We had been taken inside the shack by Hugo and his team of rebels and we were now standing to one side with our wrists tied behind our backs like prisoners. I thought the shack looked impressive from the outside, but it was even more complex on the inside. Everything looked hodgepodged together—bulky computer terminals; glowing monitors; all sorts of communications equipment. It was evidently a base of some sort, and while I was indignant at how they were treating us, I was also curious about everything I saw. How long had they been there? What was their purpose?
“Fat chance” Hugo scoffed. “You have to prove your trustworthiness. As it stands, you three barged in here and just started busting up the place. That’s why this disempowerer stays on you at all times.” He waved the device around, but still kept it generally trained on us. “As you know, my comrades would prefer you dead, but I have hope that you’ll be able to see past the lies they’ve been feeding you and recognize the truth.”
“Whose lies?” I asked, glaring at Hugo.
“The Academy’s,” he replied quickly, staring right back at me. “Take this device, for example,” he added, nodding to the remote in his hands. “Anyone care to guess where it came from?”
None of us spoke.
“Alright then, I’ll tell you. We stole it from the Academy,” Hugo said.
“You were the ones that broke in to Epsilon last night,” I said.
“Correct. Truth be told, stealing this device wasn’t our goal. We just took it on the way out after failing our actual mission.”
“So what were you actually trying to accomplish?” asked Edgar.
“We were trying to save Vera,” Hugo replied, a grave look spreading across his face.
“That girl...” I said. She had stayed in my mind ever since we first saw her. I could tell there w
as something special about her.
“You know her? Just what’s the deal with the two of you anyway? How did you know his name too?” Ramsey asked, nodding toward Hugo.
“That night at Old Field...” I said quietly. “While you guys were fighting, I chased him and then...”
“And then she let me go,” Hugo said.
“What? Why?” Ramsey asked. He sounded confused and angry.
“I... I absorbed his power when we were wrestling at one point and... I could tell from how his power felt that he was a good person. Not the enemy like the Academy wanted us to believe.”
When I said this, Hugo’s expression took on a subtle warmth, and I thought I saw a slight smile form on his lips.
“What’s so special about this ‘Vera’ then?” Edgar asked.
“As I told Emily then, Vera is the most powerful empowered on the planet. She has the ability to enter the fourth dimension and manipulate the world from there. But she’s mentally broken. She was the culmination of the Soviet empowered program, their finest specimen, and they let her loose in the US to wreak havoc from the inside, but the training had been too intense; by the time she arrived in America, she was already in the state you saw her in now. Catatonic. Unresponsive. The Soviets went too far. Her own powers were too much for her. Luckily, we found her before anybody else did. We’d been keeping her safe in the abandoned insane asylum for weeks, helping her, slowly making progress... and then you Grays showed up.”
It was only now that I made the connection that they called us “Grays” because of the dark-gray uniforms we always wore.
“But why did the Academy tell us you guys were Soviets?” Edgar said, still trying to work everything out in his head.
“Why indeed,” Hugo said, and then he turned to the woman with dreadlocks. “Jasmin, pull up the evidence.”
Jasmin walked over to one of the terminals and started clacking away at its dirty keyboard.
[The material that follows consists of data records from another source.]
(* Let $f$ be a nonconstant harmonic function on $K$. Among all junction points $x$ lying on the contour $[p_0,p_1]\cup[p_0,p_2]\cup[p_1,p_2]$ of $G_0$, there is at most one at which the normal derivative of $f$ (with respect to some cell having $x$ as a vertex) vanishes. Moreover, such an exceptional point exists and is a vertex of $G_0$ if and only if the restrictions of $f$ to all three edges of $G_0$ are monotone.
   Context: Let $p_0,p_1,p_2$ be the vertices of a unit equilateral triangle in $\mathbb{R}^2$, $F_i(x)=(x+p_i)/2$, and $K$ the Sierpinski gasket (the attractor of $F_0,F_1,F_2$). For a word $w$ of length $m$, $F_w=F_{w_1}\circ\cdots\circ F_{w_m}$ and $C_w=F_w(K)$ is a cell of level $m$ with vertices $F_w(p_0),F_w(p_1),F_w(p_2)$; the minimal triangles of $G_m$ are the triangles with these vertices. Junction points are the points of $\bigcup_m\bigcup_{|w|=m}\{F_w(p_0),F_w(p_1),F_w(p_2)\}$. A continuous $f:K\to\mathbb{R}$ is harmonic if for every $m\ge0$ and every minimal triangle of $G_m$ with vertices $v_i,v_j,v_k$, the value at the midpoint $v_{ij}$ of $[v_i,v_j]$ is $\frac15(2f(v_i)+2f(v_j)+f(v_k))$. For a harmonic $f$, a junction point $x=F_w(p_i)$ and the cell $C_w$ (with other vertices $y=F_w(p_j)$, $z=F_w(p_k)$), the normal derivative of $f$ at $x$ with respect to $C_w$ is $\partial_n f(x)=(5/3)^{|w|}\big(2f(x)-f(y)-f(z)\big)$ (this value does not change if $C_w$ is replaced by a smaller cell $C_{wi\cdots i}$ having $x$ as a vertex). Monotonicity of restrictions to edges refers to a linear parametrization of each edge. *)

theory Defs
  imports "HOL-Analysis.Analysis"
begin

text \<open>Vertices are given by p :: nat \<Rightarrow> complex (only p 0, p 1, p 2 matter).
  Words are lists over {0,1,2}.\<close>

definition sg_F :: "(nat \<Rightarrow> complex) \<Rightarrow> nat \<Rightarrow> complex \<Rightarrow> complex" where
  "sg_F p i x = (x + p i) / 2"

fun sg_Fw :: "(nat \<Rightarrow> complex) \<Rightarrow> nat list \<Rightarrow> complex \<Rightarrow> complex" where
  "sg_Fw p [] = id"
| "sg_Fw p (i # w) = sg_F p i \<circ> sg_Fw p w"

definition sg_word :: "nat list \<Rightarrow> bool" where
  "sg_word w \<longleftrightarrow> set w \<subseteq> {..<3}"

definition sg_junctions :: "(nat \<Rightarrow> complex) \<Rightarrow> complex set" where
  "sg_junctions p = {sg_Fw p w (p i) | w i. sg_word w \<and> i < 3}"

text \<open>The Sierpinski gasket: the attractor of F_0,F_1,F_2, which is the closure of V_*.\<close>
definition sg_K :: "(nat \<Rightarrow> complex) \<Rightarrow> complex set" where
  "sg_K p = closure (sg_junctions p)"

definition sg_harmonic :: "(nat \<Rightarrow> complex) \<Rightarrow> (complex \<Rightarrow> real) \<Rightarrow> bool" where
  "sg_harmonic p f \<longleftrightarrow> continuous_on (sg_K p) f \<and>
     (\<forall>w i j k. sg_word w \<and> {i, j, k} = {0, 1, 2} \<longrightarrow>
        f (midpoint (sg_Fw p w (p i)) (sg_Fw p w (p j))) =
          (2 * f (sg_Fw p w (p i)) + 2 * f (sg_Fw p w (p j)) + f (sg_Fw p w (p k))) / 5)"

definition sg_normal_deriv :: "(nat \<Rightarrow> complex) \<Rightarrow> (complex \<Rightarrow> real) \<Rightarrow> nat list \<Rightarrow> nat \<Rightarrow> real" where
  "sg_normal_deriv p f w i =
     (5/3) ^ length w * (2 * f (sg_Fw p w (p i)) -
        (\<Sum>l\<in>{0, 1, 2} - {i}. f (sg_Fw p w (p l))))"

definition sg_contour :: "(nat \<Rightarrow> complex) \<Rightarrow> complex set" where
  "sg_contour p = closed_segment (p 0) (p 1) \<union> closed_segment (p 0) (p 2) \<union> closed_segment (p 1) (p 2)"

definition sg_zero_nd_points :: "(nat \<Rightarrow> complex) \<Rightarrow> (complex \<Rightarrow> real) \<Rightarrow> complex set" where
  "sg_zero_nd_points p f = {x \<in> sg_junctions p \<inter> sg_contour p.
     \<exists>w i. sg_word w \<and> i < 3 \<and> sg_Fw p w (p i) = x \<and> sg_normal_deriv p f w i = 0}"

definition sg_edge_monotone :: "(nat \<Rightarrow> complex) \<Rightarrow> (complex \<Rightarrow> real) \<Rightarrow> nat \<Rightarrow> nat \<Rightarrow> bool" where
  "sg_edge_monotone p f i j \<longleftrightarrow>
     (let g = (\<lambda>t::real. f (p i + of_real t * (p j - p i))) in
       monotone_on {0..1} (\<le>) (\<le>) g \<or> monotone_on {0..1} (\<le>) (\<ge>) g)"

end

theory Submission
  imports Defs
begin

(* Let d_0, d_1, d_2 be the normal derivatives of f at the vertices of G_0 (with respect to K).
   They sum to zero, and no two of them vanish unless f is constant.  On an edge [p_i, p_j],
   passing from a cell C_w to C_wi keeps the normal derivative a at p_i and replaces the one
   at p_j by (b - a)/3; passing to C_wj acts symmetrically.  Moreover
   f(F_w p_j) - f(F_w p_i) = (3/5)^|w| (b - a)/3.
   If d_i d_j <= 0, the pair (a, b) keeps opposite signs in every cell of the edge: all these
   increments have one sign, so f is monotone on the edge, and no interior junction point of
   the edge is a zero.  If d_i d_j > 0, f moves in opposite directions near the two ends of the
   edge; an interior zero is F_v of the midpoint of the edge for a word v with a = b in C_v,
   and such a word is unique.  As d_0 + d_1 + d_2 = 0, at most one edge has d_i d_j > 0, and
   a zero at a vertex, d_m = 0, forces d_i d_j <= 0 on every edge. *)

lemma perm012_distinct:
  assumes "{i, j, k} = {0, 1, 2::nat}"
  shows "i \<noteq> j \<and> j \<noteq> k \<and> i \<noteq> k \<and> i < 3 \<and> j < 3 \<and> k < 3"
proof -
  have "distinct [i, j, k]"
    using assms by (intro card_distinct) simp
  moreover have "i \<in> {0, 1, 2}" "j \<in> {0, 1, 2}" "k \<in> {0, 1, 2}"
    using assms by blast+
  ultimately show ?thesis by auto
qed

lemma perm012_third:
  assumes "m < 3" "l < 3" "m \<noteq> l"
  shows "{m, l, 3 - m - l} = {0, 1, 2::nat}"
proof -
  have "m = 0 \<or> m = 1 \<or> m = 2" "l = 0 \<or> l = 1 \<or> l = 2" using assms(1,2) by auto
  then show ?thesis using assms(3) by (elim disjE) auto
qed

lemma perm012_exists:
  assumes "m < 3"
  obtains j k where "{m, j, k} = {0, 1, 2::nat}"
proof
  show "{m, if m = 0 then 1 else 0, 3 - m - (if m = 0 then 1 else 0)} = {0, 1, 2::nat}"
    using assms by (intro perm012_third) auto
qed

lemma replicate_or_last_other:
  "(\<exists>n. w = replicate n l) \<or> (\<exists>v m n. m \<noteq> l \<and> w = v @ [m] @ replicate n l)"
proof (induction w rule: rev_induct)
  case Nil
  then show ?case by (metis replicate_0)
next
  case (snoc x w)
  show ?case
  proof (cases "x = l")
    case True
    from snoc.IH show ?thesis
    proof (elim disjE exE conjE)
      fix n
      assume "w = replicate n l"
      then have "w @ [x] = replicate (Suc n) l" using True by (simp add: replicate_append_same)
      then show ?thesis by blast
    next
      fix v m n
      assume "m \<noteq> l" "w = v @ [m] @ replicate n l"
      then have "m \<noteq> l \<and> w @ [x] = v @ [m] @ replicate (Suc n) l"
        using True by (simp add: replicate_append_same)
      then show ?thesis by blast
    qed
  next
    case False
    then have "x \<noteq> l \<and> w @ [x] = w @ [x] @ replicate 0 l" by simp
    then show ?thesis by blast
  qed
qed

lemma sum3_zero_pos_product:
  fixes a b c :: real
  assumes "a + b + c = 0" "a * b > 0"
  shows "a * c < 0 \<and> b * c < 0"
proof -
  have c: "c = - a - b" using assms(1) by linarith
  have "a * c = - (a * a) - a * b" "b * c = - (b * b) - a * b"
    unfolding c by (simp_all add: algebra_simps)
  then show ?thesis using assms(2) zero_le_square[of a] zero_le_square[of b] by linarith
qed

lemma sum3_zero_some_zero_iff:
  fixes a b c :: real
  assumes "a + b + c = 0"
  shows "(a = 0 \<or> b = 0 \<or> c = 0) \<longleftrightarrow> a * b \<le> 0 \<and> a * c \<le> 0 \<and> b * c \<le> 0"
proof
  assume "a = 0 \<or> b = 0 \<or> c = 0"
  then show "a * b \<le> 0 \<and> a * c \<le> 0 \<and> b * c \<le> 0"
    using assms by (elim disjE) (auto simp: add_eq_0_iff2 mult_le_0_iff)
next
  assume "a * b \<le> 0 \<and> a * c \<le> 0 \<and> b * c \<le> 0"
  moreover have "a * b > 0 \<or> a * c > 0 \<or> b * c > 0" if "a \<noteq> 0" "b \<noteq> 0" "c \<noteq> 0"
    using that by (auto simp: zero_less_mult_iff)
  ultimately show "a = 0 \<or> b = 0 \<or> c = 0" by fastforce
qed

lemma equilateral_not_collinear:
  fixes a b c :: "'a::euclidean_space"
  assumes "dist a b = r" "dist a c = r" "dist b c = r" "r > 0"
  shows "\<not> collinear {a, b, c}"
  using assms unfolding collinear_between_cases between by (simp add: dist_commute)

section \<open>Cells and barycentric coordinates\<close>

lemma sg_Fw_append: "sg_Fw p (w @ v) = sg_Fw p w \<circ> sg_Fw p v"
  by (induction w) auto

lemma sg_Fw_snoc: "sg_Fw p (w @ [m]) z = sg_Fw p w (sg_F p m z)"
  by (simp add: sg_Fw_append)

lemma sg_Fw_affine: "sg_Fw p w z = z / 2 ^ length w + sg_Fw p w 0"
proof (induction w arbitrary: z)
  case (Cons m w)
  show ?case
    using Cons[of z] Cons[of 0] by (simp add: sg_F_def field_simps)
qed simp

lemma sg_Fw_midpoint: "sg_Fw p w (midpoint a b) = midpoint (sg_Fw p w a) (sg_Fw p w b)"
  by (subst (1 2 3) sg_Fw_affine) (simp add: midpoint_def scaleR_conv_of_real field_simps)

lemma sg_F_fixpoint [simp]: "sg_F p m (p m) = p m"
  by (simp add: sg_F_def)

lemma sg_F_vertex: "sg_F p m (p l) = midpoint (p m) (p l)"
  by (simp add: sg_F_def midpoint_def scaleR_conv_of_real field_simps)

lemma sg_Fw_replicate: "sg_Fw p (replicate n i) z = p i + (z - p i) / 2 ^ n"
proof (induction n)
  case (Suc n)
  have "sg_Fw p (replicate (Suc n) i) z = sg_F p i (p i + (z - p i) / 2 ^ n)"
    by (simp add: Suc.IH)
  then show ?case by (simp add: sg_F_def field_simps)
qed simp

lemma sg_Fw_replicate_fixpoint [simp]: "sg_Fw p (replicate n i) (p i) = p i"
  by (simp add: sg_Fw_replicate)

lemma sg_Fw_snoc_edge_lower:
  "sg_Fw p (w @ [i]) (p i + of_real (2 * s) * (p j - p i)) = sg_Fw p w (p i + of_real s * (p j - p i))"
proof -
  have "sg_F p i (p i + of_real (2 * s) * (p j - p i)) = p i + of_real s * (p j - p i)"
    by (simp add: sg_F_def field_simps)
  then show ?thesis by (simp add: sg_Fw_snoc)
qed

lemma sg_Fw_snoc_edge_upper:
  "sg_Fw p (w @ [j]) (p i + of_real (2 * s - 1) * (p j - p i)) = sg_Fw p w (p i + of_real s * (p j - p i))"
proof -
  have "sg_F p j (p i + of_real (2 * s - 1) * (p j - p i)) = p i + of_real s * (p j - p i)"
    by (simp add: sg_F_def field_simps)
  then show ?thesis by (simp add: sg_Fw_snoc)
qed

lemma sg_Fw_vertex_in_junctions: "sg_word w \<Longrightarrow> l < 3 \<Longrightarrow> sg_Fw p w (p l) \<in> sg_junctions p"
  unfolding sg_junctions_def by blast

fun sg_bary :: "nat list \<Rightarrow> nat \<Rightarrow> nat \<Rightarrow> real" where
  "sg_bary [] l m = (if m = l then 1 else 0)"
| "sg_bary (c # w) l m = (sg_bary w l m + (if m = c then 1 else 0)) / 2"

lemma sg_Fw_barycentric:
  "sg_word w \<Longrightarrow> l < 3 \<Longrightarrow> sg_Fw p w (p l) = (\<Sum>m<3. sg_bary w l m *\<^sub>R p m)"
proof (induction w)
  case Nil
  then show ?case by (auto simp: eval_nat_numeral less_Suc_eq)
next
  case (Cons c w)
  then have "c < 3" and IH: "sg_Fw p w (p l) = (\<Sum>m<3. sg_bary w l m *\<^sub>R p m)"
    by (auto simp: sg_word_def)
  then show ?case
    by (auto simp: sg_F_def eval_nat_numeral scaleR_conv_of_real field_simps less_Suc_eq)
qed

lemma sg_bary_sum: "sg_word w \<Longrightarrow> l < 3 \<Longrightarrow> (\<Sum>m<3. sg_bary w l m) = 1"
proof (induction w)
  case Nil
  then show ?case by (auto simp: eval_nat_numeral less_Suc_eq)
next
  case (Cons c w)
  then have "c < 3" and IH: "(\<Sum>m<3. sg_bary w l m) = 1"
    by (auto simp: sg_word_def)
  then show ?case
    by (auto simp: eval_nat_numeral field_simps less_Suc_eq)
qed

lemma sg_bary_nonneg: "sg_bary w l m \<ge> 0"
  by (induction w) auto

lemma sg_bary_pos: "m \<in> set w \<or> m = l \<Longrightarrow> sg_bary w l m > 0"
  by (induction w) (auto simp: add_pos_nonneg add_nonneg_pos sg_bary_nonneg)

lemma sg_Fw_on_edge:
  assumes nc: "\<not> collinear {p 0, p 1, p 2}" and ijk: "{i, j, k} = {0, 1, 2}"
    and w: "sg_word w" "l < 3" and x: "sg_Fw p w (p l) \<in> closed_segment (p i) (p j)"
  shows "set w \<subseteq> {i, j} \<and> l \<in> {i, j}"
proof -
  define \<beta> where "\<beta> = sg_bary w l"
  have d: "i \<noteq> j" "j \<noteq> k" "i \<noteq> k" using perm012_distinct[OF ijk] by auto
  have ijk': "{..<3} = {i, j, k}"
    using ijk by (simp add: lessThan_nat_numeral lessThan_Suc insert_commute)
  have sum3: "(\<Sum>m<3. g m) = g i + g j + g k" for g :: "nat \<Rightarrow> 'b::comm_monoid_add"
    using d unfolding ijk' by (simp add: add.assoc)
  obtain u where u: "sg_Fw p w (p l) = (1 - u) *\<^sub>R p i + u *\<^sub>R p j"
    using x unfolding closed_segment_def by blast
  \<comment> \<open>a positive weight at p k would make p k an affine combination of p i and p j\<close>
  have "\<beta> k = 0"
  proof (rule ccontr)
    assume "\<beta> k \<noteq> 0"
    then have pos: "\<beta> k > 0" using sg_bary_nonneg[of w l k] unfolding \<beta>_def by linarith
    define c where "c = (1 - u - \<beta> i) / \<beta> k"
    have "\<beta> i + \<beta> j + \<beta> k = 1" using sg_bary_sum[OF w] unfolding sum3 \<beta>_def .
    then have c': "1 - c = (u - \<beta> j) / \<beta> k" using pos unfolding c_def by (simp add: field_simps)
    have "(1 - u) *\<^sub>R p i + u *\<^sub>R p j = \<beta> i *\<^sub>R p i + \<beta> j *\<^sub>R p j + \<beta> k *\<^sub>R p k"
      using sg_Fw_barycentric[OF w, of p] unfolding u sum3 \<beta>_def .
    then have "\<beta> k *\<^sub>R p k = (1 - u - \<beta> i) *\<^sub>R p i + (u - \<beta> j) *\<^sub>R p j"
      by (simp add: algebra_simps)
    then have "p k = inverse (\<beta> k) *\<^sub>R ((1 - u - \<beta> i) *\<^sub>R p i + (u - \<beta> j) *\<^sub>R p j)"
      using pos by (metis scaleR_scaleR left_inverse scaleR_one less_irrefl)
    then have "p k = c *\<^sub>R p i + (1 - c) *\<^sub>R p j"
      by (simp only: c') (simp add: c_def scaleR_add_right divide_inverse_commute)
    then have "collinear {p i, p k, p j}" unfolding collinear_3_expand by blast
    moreover have "{p i, p k, p j} = p ` {i, j, k}" by auto
    ultimately have "collinear (p ` {0, 1, 2})" using ijk by simp
    then show False using nc by simp
  qed
  then have "k \<notin> set w" "l \<noteq> k" using sg_bary_pos[of k w l] unfolding \<beta>_def by auto
  moreover have "set w \<subseteq> {i, j, k}" "l \<in> {i, j, k}"
    using w unfolding sg_word_def ijk'[symmetric] by auto
  ultimately show ?thesis by blast
qed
Images and blocks of text started scrolling by on one of the large monitors overhead.
“We’ve been here collecting evidence for months, hacking into the Academy’s servers and stealing top-secret data. It’s a lot to parse through, but let me give you a basic rundown,” Hugo said, turning to the monitor that Jasmine was operating. “I’m sure you guys have heard of the Philadelphia Experiment? Not a hoax after all as it turns out. They sent the USS Eldridge through a portal and made contact with other beings. That’s all in this document here.”